Problem. Look through the lines below for the word "length", and copy every line that has it.

================================

(* Let $G_1$ be a $(q_1,q_2)$-semi-regular bipartite graph with bipartition $V_1,V_2$, $|V_1|=n_1\le n_2=|V_2|$, and put $\nu_1=n_1+n_2$, $\epsilon_1=n_1q_1=n_2q_2$. Let $G_2$ be a $(q_3,q_4)$-semi-regular bipartite graph with bipartition $V_3,V_4$, $|V_3|=n_3\le n_4=|V_4|$, and put $\nu_2=n_3+n_4$, $\epsilon_2=n_3q_3=n_4q_4$. Write the adjacency spectra as multisets $$spec(G_1)=\{\pm\lambda_1,\dots,\pm\lambda_{k_1},\underbrace{0,\dots,0}_{\nu_1-2k_1}\},\qquad spec(G_2)=\{\pm\mu_1,\dots,\pm\mu_{k_2},\underbrace{0,\dots,0}_{\nu_2-2k_2}\},$$ where $k_1$ (resp. $k_2$) is the number of positive eigenvalues of $G_1$ (resp. $G_2$), $\sqrt{q_1q_2}=\lambda_1\ge\lambda_2\ge\dots\ge\lambda_{k_1}>0$ and $\sqrt{q_3q_4}=\mu_1\ge\mu_2\ge\dots\ge\mu_{k_2}>0$. Let $G=G_1\vee G_2$ and let $\theta_1,\theta_2,\theta_3,\theta_4$ be the zeros of $$f(\lambda)=\lambda^4-(q_1q_2+q_3q_4+\nu_1\nu_2)\lambda^2-2(\nu_1\epsilon_2+\nu_2\epsilon_1)\lambda+q_1q_2q_3q_4-4\epsilon_1\epsilon_2.$$ Then, as multisets, $$spec(G)=\{\theta_1,\theta_2,\theta_3,\theta_4,\pm\lambda_2,\dots,\pm\lambda_{k_1},\pm\mu_2,\dots,\pm\mu_{k_2},\underbrace{0,\dots,0}_{\nu_1-2k_1+\nu_2-2k_2}\}.$$
   Context: A bipartite graph with bipartition $(V_1,V_2)$ is $(q_1,q_2)$-semi-regular if every vertex of $V_1$ has degree $q_1$ and every vertex of $V_2$ has degree $q_2$ (here $q_1,q_2\ge 1$). The join $G_1\vee G_2$ has vertex set $V(G_1)\cup V(G_2)$ (disjoint) and edge set $E(G_1)\cup E(G_2)\cup\{uv: u\in V(G_1), v\in V(G_2)\}$. The spectrum $spec(G)$ of a graph is the multiset of eigenvalues of its adjacency matrix. It is a known fact that the spectrum of a $(q_1,q_2)$-semi-regular bipartite graph is symmetric about $0$ with largest eigenvalue $\sqrt{q_1q_2}$, so the displayed forms of $spec(G_1)$, $spec(G_2)$ are notation. *)

theory Defs
  imports "Jordan_Normal_Form.Char_Poly" "HOL-Computational_Algebra.Polynomial"
begin

definition simple_graph :: "'a set \<Rightarrow> ('a \<Rightarrow> 'a \<Rightarrow> bool) \<Rightarrow> bool" where
  "simple_graph V E \<longleftrightarrow> finite V \<and> (\<forall>x y. E x y \<longrightarrow> x \<in> V \<and> y \<in> V)
     \<and> (\<forall>x y. E x y \<longrightarrow> E y x) \<and> (\<forall>x. \<not> E x x)"

definition degree :: "'a set \<Rightarrow> ('a \<Rightarrow> 'a \<Rightarrow> bool) \<Rightarrow> 'a \<Rightarrow> nat" where
  "degree V E v = card {u \<in> V. E v u}"

definition semiregular_bipartite ::
  "'a set \<Rightarrow> ('a \<Rightarrow> 'a \<Rightarrow> bool) \<Rightarrow> 'a set \<Rightarrow> 'a set \<Rightarrow> nat \<Rightarrow> nat \<Rightarrow> bool" where
  "semiregular_bipartite V E V1 V2 q1 q2 \<longleftrightarrow>
     simple_graph V E \<and> V1 \<union> V2 = V \<and> V1 \<inter> V2 = {} \<and>
     (\<forall>x y. E x y \<longrightarrow> (x \<in> V1 \<and> y \<in> V2) \<or> (x \<in> V2 \<and> y \<in> V1)) \<and>
     q1 \<ge> 1 \<and> q2 \<ge> 1 \<and>
     (\<forall>v\<in>V1. degree V E v = q1) \<and> (\<forall>v\<in>V2. degree V E v = q2)"

text \<open>An (arbitrary) enumeration of a finite vertex set; the characteristic polynomial
  of the adjacency matrix does not depend on this choice.\<close>
definition vlist :: "'a set \<Rightarrow> 'a list" where
  "vlist V = (SOME xs. set xs = V \<and> distinct xs)"

definition adj_mat :: "'a set \<Rightarrow> ('a \<Rightarrow> 'a \<Rightarrow> bool) \<Rightarrow> complex mat" where
  "adj_mat V E = (let xs = vlist V in
     mat (length xs) (length xs) (\<lambda>(i, j). if E (xs ! i) (xs ! j) then 1 else 0))"

definition spec :: "'a set \<Rightarrow> ('a \<Rightarrow> 'a \<Rightarrow> bool) \<Rightarrow> complex multiset" where
  "spec V E = proots (char_poly (adj_mat V E))"

definition join_vertices :: "'a set \<Rightarrow> 'b set \<Rightarrow> ('a + 'b) set" where
  "join_vertices V W = Inl ` V \<union> Inr ` W"

fun join_edges :: "'a set \<Rightarrow> ('a \<Rightarrow> 'a \<Rightarrow> bool) \<Rightarrow> 'b set \<Rightarrow> ('b \<Rightarrow> 'b \<Rightarrow> bool)
    \<Rightarrow> ('a + 'b) \<Rightarrow> ('a + 'b) \<Rightarrow> bool" where
  "join_edges V E W F (Inl x) (Inl y) = E x y"
| "join_edges V E W F (Inr x) (Inr y) = F x y"
| "join_edges V E W F (Inl x) (Inr y) = (x \<in> V \<and> y \<in> W)"
| "join_edges V E W F (Inr x) (Inl y) = (x \<in> W \<and> y \<in> V)"

end

theory Submission
  imports Defs
begin

(* Vectors that are constant on each side of a (q1,q2)-semiregular bipartite graph are mapped to
   such vectors by its adjacency matrix A, (c1, c2) |-> (q1 c2, q2 c1). This gives the eigenvalues
   +-sqrt(q1 q2) and, for x^2 ~= q1 q2, the solution a of (x I - A) a = 1, whose entries sum to
   (nu x + 2 epsilon) / (x^2 - q1 q2). The adjacency matrix of the join is [[A1, J], [J, A2]] with
   all-ones blocks J, and eliminating J by means of these solutions gives
     det (x I - A) = det (x I - A1) det (x I - A2) (1 - s1 s2)
   with s1, s2 the two entry sums. Clearing denominators, char(G) (x^2 - q1 q2) (x^2 - q3 q4)
   = f char(G1) char(G2), and x^2 - q1 q2 divides char(G1), x^2 - q3 q4 divides char(G2). *)

section \<open>Matrices\<close>

lemma det_permute_rows_cols:
  fixes A :: "'a::comm_ring_1 mat"
  assumes A: "A \<in> carrier_mat n n" and p: "p permutes {0..<n}"
  shows "det (mat n n (\<lambda>(i, j). A $$ (p i, p j))) = det A"
proof -
  define B where "B = mat n n (\<lambda>(i, j). A $$ (p i, j))"
  define C where "C = mat n n (\<lambda>(i, j). B\<^sup>T $$ (p i, j))"
  have B: "B \<in> carrier_mat n n" and C: "C \<in> carrier_mat n n" by (auto simp: B_def C_def)
  have pn: "i < n \<Longrightarrow> p i < n" for i using permutes_in_image[OF p] by simp
  have "mat n n (\<lambda>(i, j). A $$ (p i, p j)) = C\<^sup>T"
    by (rule eq_matI) (auto simp: B_def C_def pn)
  then have "det (mat n n (\<lambda>(i, j). A $$ (p i, p j))) = det C"
    using det_transpose[OF C] by simp
  also have "\<dots> = signof p * det B"
    using det_permute_rows[of "B\<^sup>T" n p] p det_transpose[OF B] by (simp add: C_def B_def)
  also have "\<dots> = signof p * signof p * det A"
    using det_permute_rows[OF A p] by (simp add: B_def)
  also have "signof p * signof p = (1 :: 'a)"
    by (simp flip: of_int_mult)
  finally show ?thesis by simp
qed

lemma char_poly_permute_rows_cols:
  fixes A :: "'a::comm_ring_1 mat"
  assumes A: "A \<in> carrier_mat n n" and p: "p permutes {0..<n}"
  shows "char_poly (mat n n (\<lambda>(i, j). A $$ (p i, p j))) = char_poly A"
proof -
  have pn: "i < n \<Longrightarrow> p i < n" for i using permutes_in_image[OF p] by simp
  have "char_poly_matrix (mat n n (\<lambda>(i, j). A $$ (p i, p j)))
      = mat n n (\<lambda>(i, j). char_poly_matrix A $$ (p i, p j))"
    using A by (intro eq_matI) (auto simp: char_poly_matrix_def pn permutes_inj[OF p, THEN inj_eq])
  then show ?thesis
    unfolding char_poly_def using det_permute_rows_cols[OF char_poly_matrix_closed[OF A] p] by simp
qed

lemma char_poly_reindex:
  fixes g :: "'a \<Rightarrow> 'a \<Rightarrow> 'b::comm_ring_1"
  assumes "distinct xs" "distinct ys" "set xs = set ys"
  shows "char_poly (mat (length xs) (length xs) (\<lambda>(i, j). g (xs ! i) (xs ! j)))
       = char_poly (mat (length ys) (length ys) (\<lambda>(i, j). g (ys ! i) (ys ! j)))"
proof -
  have "mset xs = mset ys" using assms by (simp add: set_eq_iff_mset_eq_distinct)
  then obtain p where p: "p permutes {..<length ys}" and xs: "permute_list p ys = xs"
    by (rule mset_eq_permutation)
  have len: "length xs = length ys" using xs by auto
  have pn: "i < length ys \<Longrightarrow> p i < length ys" for i
    using permutes_in_image[OF p] by simp
  have xs_nth: "i < length ys \<Longrightarrow> xs ! i = ys ! p i" for i
    using xs p by (auto simp: permute_list_nth)
  have "mat (length xs) (length xs) (\<lambda>(i, j). g (xs ! i) (xs ! j))
      = mat (length ys) (length ys) (\<lambda>(i, j).
          mat (length ys) (length ys) (\<lambda>(i, j). g (ys ! i) (ys ! j)) $$ (p i, p j))"
    by (rule eq_matI) (auto simp: len xs_nth pn)
  with p show ?thesis by (simp add: char_poly_permute_rows_cols lessThan_atLeast0)
qed

lemma det_one_plus_rank_one:
  fixes u v :: "nat \<Rightarrow> 'a::idom"
  shows "det (1\<^sub>m n + mat n n (\<lambda>(i, j). u i * v j)) = 1 + (\<Sum>i<n. v i * u i)"
proof -
  define U where "U = mat n 1 (\<lambda>(i, _). u i)"
  define Vt where "Vt = mat 1 n (\<lambda>(_, j). v j)"
  define P where "P = four_block_mat (1\<^sub>m n) U (- Vt) (1\<^sub>m 1)"
  define Q1 where "Q1 = four_block_mat (1\<^sub>m n) (0\<^sub>m n 1) Vt (1\<^sub>m 1)"
  define Q2 where "Q2 = four_block_mat (1\<^sub>m n) (- U) (0\<^sub>m 1 n) (1\<^sub>m 1)"
  have U: "U \<in> carrier_mat n 1" and Vt: "Vt \<in> carrier_mat 1 n" by (auto simp: U_def Vt_def)
  have P: "P \<in> carrier_mat (n + 1) (n + 1)"
    unfolding P_def using U Vt by (intro four_block_carrier_mat) auto
  have Q1: "Q1 \<in> carrier_mat (n + 1) (n + 1)"
    unfolding Q1_def using Vt by (intro four_block_carrier_mat) auto
  have Q2: "Q2 \<in> carrier_mat (n + 1) (n + 1)"
    unfolding Q2_def using U by (intro four_block_carrier_mat) auto
  have "det Q1 = 1" unfolding Q1_def
    using Vt by (subst det_four_block_mat_upper_right_zero[of _ n _ 1]) auto
  moreover have
    "P * Q1 = four_block_mat (1\<^sub>m n + mat n n (\<lambda>(i, j). u i * v j)) U (0\<^sub>m 1 n) (1\<^sub>m 1)"
  proof -
    have "U * Vt = mat n n (\<lambda>(i, j). u i * v j)"
      using U Vt by (intro eq_matI) (auto simp: U_def Vt_def scalar_prod_def)
    then show ?thesis
      unfolding P_def Q1_def using U Vt by (subst mult_four_block_mat[of _ n n _ 1 _ 1]) auto
  qed
  ultimately have "det P = det (1\<^sub>m n + mat n n (\<lambda>(i, j). u i * v j))"
    using det_mult[OF P Q1] U by (simp add: det_four_block_mat_lower_left_zero[of _ n _ 1])
  moreover have "det Q2 = 1" unfolding Q2_def
    using U by (subst det_four_block_mat_lower_left_zero[of _ n _ 1]) auto
  moreover have
    "P * Q2 = four_block_mat (1\<^sub>m n) (0\<^sub>m n 1) (- Vt) (mat 1 1 (\<lambda>_. 1 + (\<Sum>i<n. v i * u i)))"
  proof -
    have "Vt * U + 1\<^sub>m 1 = mat 1 1 (\<lambda>_. 1 + (\<Sum>i<n. v i * u i))"
      using U Vt by (intro eq_matI) (auto simp: U_def Vt_def scalar_prod_def atLeast0LessThan)
    moreover have "U + (- U) = 0\<^sub>m n 1" using U by (intro eq_matI) auto
    ultimately show ?thesis
      unfolding P_def Q2_def using U Vt by (subst mult_four_block_mat[of _ n n _ 1 _ 1]) auto
  qed
  ultimately show ?thesis
    using det_mult[OF P Q2] Vt
    by (simp add: det_four_block_mat_upper_right_zero[of _ n _ 1] det_single)
qed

================================

Expected answer.
     mat (length xs) (length xs) (\<lambda>(i, j). if E (xs ! i) (xs ! j) then 1 else 0))"
  shows "char_poly (mat (length xs) (length xs) (\<lambda>(i, j). g (xs ! i) (xs ! j)))
       = char_poly (mat (length ys) (length ys) (\<lambda>(i, j). g (ys ! i) (ys ! j)))"
  then obtain p where p: "p permutes {..<length ys}" and xs: "permute_list p ys = xs"
  have len: "length xs = length ys" using xs by auto
  have pn: "i < length ys \<Longrightarrow> p i < length ys" for i
  have xs_nth: "i < length ys \<Longrightarrow> xs ! i = ys ! p i" for i
  have "mat (length xs) (length xs) (\<lambda>(i, j). g (xs ! i) (xs ! j))
      = mat (length ys) (length ys) (\<lambda>(i, j).
          mat (length ys) (length ys) (\<lambda>(i, j). g (ys ! i) (ys ! j)) $$ (p i, p j))"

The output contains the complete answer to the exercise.